EXERCISE DETAILS: Within the entries below, find every line that has the string "else", then copy it.

SOURCE DATA:
# # # #

(* The category $\mathfrak{B}$ whose objects are Bochvar algebras and whose morphisms are homomorphisms of Bochvar algebras is equivalent to the category $\mathfrak{S}$ whose objects are Bochvar systems and whose morphisms are the Bochvar-system morphisms defined below. The equivalence is given by the functors $\Gamma:\mathfrak{B}\to\mathfrak{S}$ and $\Xi:\mathfrak{S}\to\mathfrak{B}$ described below.
   Context: Let $\mathbf{WK}^e$ be the three-element algebra on $\{0,\tfrac12,1\}$ of type $\langle \wedge,\vee,\neg,J_2,0,1\rangle$ (arities $2,2,1,1,0,0$). Its operations are: - $\neg$ swaps $0$ and $1$ and fixes $\tfrac12$; - $\wedge,\vee$ agree with the two-element Boolean operations on $\{0,1\}$ and return $\tfrac12$ whenever an argument is $\tfrac12$; - $J_2(1)=1$ and $J_2(\tfrac12)=J_2(0)=0$. A Bochvar algebra is a member of the quasivariety $ISP(\mathbf{WK}^e)$. Płonka sums. A semilattice direct system consists of: - a join-semilattice $\langle I,\vee,i_0\rangle$ with least element $i_0$; - pairwise disjoint similar algebras $\mathbf{A}_i$ ($i\in I$), called fibres; - homomorphisms $p_{ij}:\mathbf{A}_i\to\mathbf{A}_j$ for $i\le j$, with $p_{ii}=\mathrm{id}$ and $p_{jk}\circ p_{ij}=p_{ik}$. Its Płonka sum has universe $\bigsqcup_i A_i$. Operations are $g(a_1,\dots,a_n)=g^{\mathbf{A}_k}(p_{i_1k}(a_1),\dots,p_{i_nk}(a_n))$ for $a_m\in A_{i_m}$ and $k=i_1\vee\dots\vee i_n$; constants are taken from $\mathbf{A}_{i_0}$. Every Bochvar algebra's $\{\wedge,\vee,\neg,0,1\}$-reduct is canonically (up to isomorphism) a Płonka sum of Boolean algebras, with bottom fibre $\mathbf{A}_{i_0}$. Two elements $a,b$ lie in the same fibre iff $a\wedge(a\vee b)=a$ and $b\wedge(b\vee a)=b$. A Bochvar system is a pair $\langle\mathbf{B},\mathbf{I}\rangle$ where $\mathbf{B}$ is a Boolean algebra and $I\subseteq B$ contains $1$ and is closed under $\wedge$. A morphism $\langle\mathbf{B}_1,\mathbf{I}_1\rangle\to\langle\mathbf{B}_2,\mathbf{I}_2\rangle$ is a Boolean homomorphism $g:\mathbf{B}_1\to\mathbf{B}_2$ with $g(I_1)\subseteq I_2$. The functor $\Gamma$: - On a Bochvar algebra $\mathbf{A}$ with fibres $\mathbf{A}_i$, set $\Gamma(\mathbf{A})=\langle\mathbf{A}_{i_0},K\rangle$ with $K=\{J_2(1^{A_i}):i\in I\}$, where $1^{A_i}$ is the top of fibre $\mathbf{A}_i$. - On a homomorphism $f$, $\Gamma(f)$ is the restriction of $f$ to the bottom fibre. The functor $\Xi$. For a Bochvar system $\langle\mathbf{B},\mathbf{I}\rangle$, write $[i)$ for the principal filter of $\mathbf{B}$ generated by $i$, and $\mathbf{B}/[i)$ for the quotient by the congruence associated to $[i)$. - $\Xi(\langle\mathbf{B},\mathbf{I}\rangle)$ is the unique Bochvar algebra whose involutive-bisemilattice reduct is the Płonka sum of the following system: index semilattice $I$ with the order dual to that of $\mathbf{B}$ (so $1$ is least); fibres $\mathbf{B}/[i)$; maps $p_{ij}(a/[i))=a/[j)$. Its $J_2$ sends $a/[i)$ to the unique element of the bottom fibre $\mathbf{B}/[1)\cong\mathbf{B}$ lying in $[0,i]$ and congruent to $a$ modulo $[i)$. - On a morphism $g$, $\Xi(g)(a/[i))=g(a)/[g(i))$. *)

theory Defs
  imports Main
begin

datatype wk = WZero | WHalf | WOne

fun wk_neg :: "wk \<Rightarrow> wk" where
  "wk_neg WZero = WOne" | "wk_neg WOne = WZero" | "wk_neg WHalf = WHalf"

definition wk_meet :: "wk \<Rightarrow> wk \<Rightarrow> wk" where
  "wk_meet x y = (if x = WHalf \<or> y = WHalf then WHalf
                  else if x = WOne \<and> y = WOne then WOne else WZero)"

definition wk_join :: "wk \<Rightarrow> wk \<Rightarrow> wk" where
  "wk_join x y = (if x = WHalf \<or> y = WHalf then WHalf
                  else if x = WOne \<or> y = WOne then WOne else WZero)"

definition wk_J2 :: "wk \<Rightarrow> wk" where
  "wk_J2 x = (if x = WOne then WOne else WZero)"

record 'a balg =
  ba_carrier :: "'a set"
  ba_meet :: "'a \<Rightarrow> 'a \<Rightarrow> 'a"
  ba_join :: "'a \<Rightarrow> 'a \<Rightarrow> 'a"
  ba_neg :: "'a \<Rightarrow> 'a"
  ba_J2 :: "'a \<Rightarrow> 'a"
  ba_zero :: "'a"
  ba_one :: "'a"

definition balg_wf :: "'a balg \<Rightarrow> bool" where
  "balg_wf A \<longleftrightarrow>
     (\<forall>x\<in>ba_carrier A. \<forall>y\<in>ba_carrier A.
        ba_meet A x y \<in> ba_carrier A \<and> ba_join A x y \<in> ba_carrier A) \<and>
     (\<forall>x\<in>ba_carrier A. ba_neg A x \<in> ba_carrier A \<and> ba_J2 A x \<in> ba_carrier A) \<and>
     ba_zero A \<in> ba_carrier A \<and> ba_one A \<in> ba_carrier A"

text \<open>A Bochvar algebra is a member of ISP(WK^e): it is (isomorphic to) a subalgebra of a
  direct power (WK^e)^X.  The index set X is taken in the type of maps from the carrier into
  the three-element set (which is large enough for every such embedding).\<close>

definition bochvar_alg :: "'a balg \<Rightarrow> bool" where
  "bochvar_alg A \<longleftrightarrow> balg_wf A \<and>
     (\<exists>(X :: ('a \<Rightarrow> wk) set) (e :: 'a \<Rightarrow> ('a \<Rightarrow> wk) \<Rightarrow> wk).
        (\<forall>x\<in>ba_carrier A. \<forall>y\<in>ba_carrier A. (\<forall>i\<in>X. e x i = e y i) \<longrightarrow> x = y) \<and>
        (\<forall>x\<in>ba_carrier A. \<forall>y\<in>ba_carrier A. \<forall>i\<in>X.
            e (ba_meet A x y) i = wk_meet (e x i) (e y i) \<and>
            e (ba_join A x y) i = wk_join (e x i) (e y i)) \<and>
        (\<forall>x\<in>ba_carrier A. \<forall>i\<in>X.
            e (ba_neg A x) i = wk_neg (e x i) \<and> e (ba_J2 A x) i = wk_J2 (e x i)) \<and>
        (\<forall>i\<in>X. e (ba_zero A) i = WZero \<and> e (ba_one A) i = WOne))"

definition balg_hom :: "'a balg \<Rightarrow> 'c balg \<Rightarrow> ('a \<Rightarrow> 'c) \<Rightarrow> bool" where
  "balg_hom A C f \<longleftrightarrow>
     (\<forall>x\<in>ba_carrier A. f x \<in> ba_carrier C) \<and>
     (\<forall>x\<in>ba_carrier A. \<forall>y\<in>ba_carrier A.
        f (ba_meet A x y) = ba_meet C (f x) (f y) \<and> f (ba_join A x y) = ba_join C (f x) (f y)) \<and>
     (\<forall>x\<in>ba_carrier A. f (ba_neg A x) = ba_neg C (f x) \<and> f (ba_J2 A x) = ba_J2 C (f x)) \<and>
     f (ba_zero A) = ba_zero C \<and> f (ba_one A) = ba_one C"

definition balg_iso :: "'a balg \<Rightarrow> 'c balg \<Rightarrow> ('a \<Rightarrow> 'c) \<Rightarrow> bool" where
  "balg_iso A C f \<longleftrightarrow> balg_hom A C f \<and>
     (\<exists>g. balg_hom C A g \<and> (\<forall>x\<in>ba_carrier A. g (f x) = x) \<and> (\<forall>y\<in>ba_carrier C. f (g y) = y))"

record 'b bsys =
  bs_carrier :: "'b set"
  bs_meet :: "'b \<Rightarrow> 'b \<Rightarrow> 'b"
  bs_join :: "'b \<Rightarrow> 'b \<Rightarrow> 'b"
  bs_neg :: "'b \<Rightarrow> 'b"
  bs_zero :: "'b"
  bs_one :: "'b"
  bs_I :: "'b set"

definition boolean_alg :: "'b bsys \<Rightarrow> bool" where
  "boolean_alg S \<longleftrightarrow>
     (let C = bs_carrier S; m = bs_meet S; j = bs_join S; n = bs_neg S in
     (\<forall>x\<in>C. \<forall>y\<in>C. m x y \<in> C \<and> j x y \<in> C) \<and> (\<forall>x\<in>C. n x \<in> C) \<and>
     bs_zero S \<in> C \<and> bs_one S \<in> C \<and>
     (\<forall>x\<in>C. \<forall>y\<in>C. m x y = m y x \<and> j x y = j y x) \<and>
     (\<forall>x\<in>C. \<forall>y\<in>C. \<forall>z\<in>C. m x (m y z) = m (m x y) z \<and> j x (j y z) = j (j x y) z) \<and>
     (\<forall>x\<in>C. \<forall>y\<in>C. m x (j x y) = x \<and> j x (m x y) = x) \<and>
     (\<forall>x\<in>C. \<forall>y\<in>C. \<forall>z\<in>C. m x (j y z) = j (m x y) (m x z)) \<and>
     (\<forall>x\<in>C. m x (n x) = bs_zero S \<and> j x (n x) = bs_one S))"

definition bochvar_sys :: "'b bsys \<Rightarrow> bool" where
  "bochvar_sys S \<longleftrightarrow> boolean_alg S \<and> bs_I S \<subseteq> bs_carrier S \<and> bs_one S \<in> bs_I S \<and>
     (\<forall>i\<in>bs_I S. \<forall>j\<in>bs_I S. bs_meet S i j \<in> bs_I S)"

definition bsys_hom :: "'b bsys \<Rightarrow> 'd bsys \<Rightarrow> ('b \<Rightarrow> 'd) \<Rightarrow> bool" where
  "bsys_hom S T g \<longleftrightarrow>
     (\<forall>x\<in>bs_carrier S. g x \<in> bs_carrier T) \<and>
     (\<forall>x\<in>bs_carrier S. \<forall>y\<in>bs_carrier S.
        g (bs_meet S x y) = bs_meet T (g x) (g y) \<and> g (bs_join S x y) = bs_join T (g x) (g y)) \<and>
     (\<forall>x\<in>bs_carrier S. g (bs_neg S x) = bs_neg T (g x)) \<and>
     g (bs_zero S) = bs_zero T \<and> g (bs_one S) = bs_one T \<and>
     g ` bs_I S \<subseteq> bs_I T"

definition bsys_iso :: "'b bsys \<Rightarrow> 'd bsys \<Rightarrow> ('b \<Rightarrow> 'd) \<Rightarrow> bool" where
  "bsys_iso S T g \<longleftrightarrow> bsys_hom S T g \<and>
     (\<exists>h. bsys_hom T S h \<and> (\<forall>x\<in>bs_carrier S. h (g x) = x) \<and> (\<forall>y\<in>bs_carrier T. g (h y) = y))"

# # # #

TASK RESPONSE:
                  else if x = WOne \<and> y = WOne then WOne else WZero)"
                  else if x = WOne \<or> y = WOne then WOne else WZero)"
  "wk_J2 x = (if x = WOne then WOne else WZero)"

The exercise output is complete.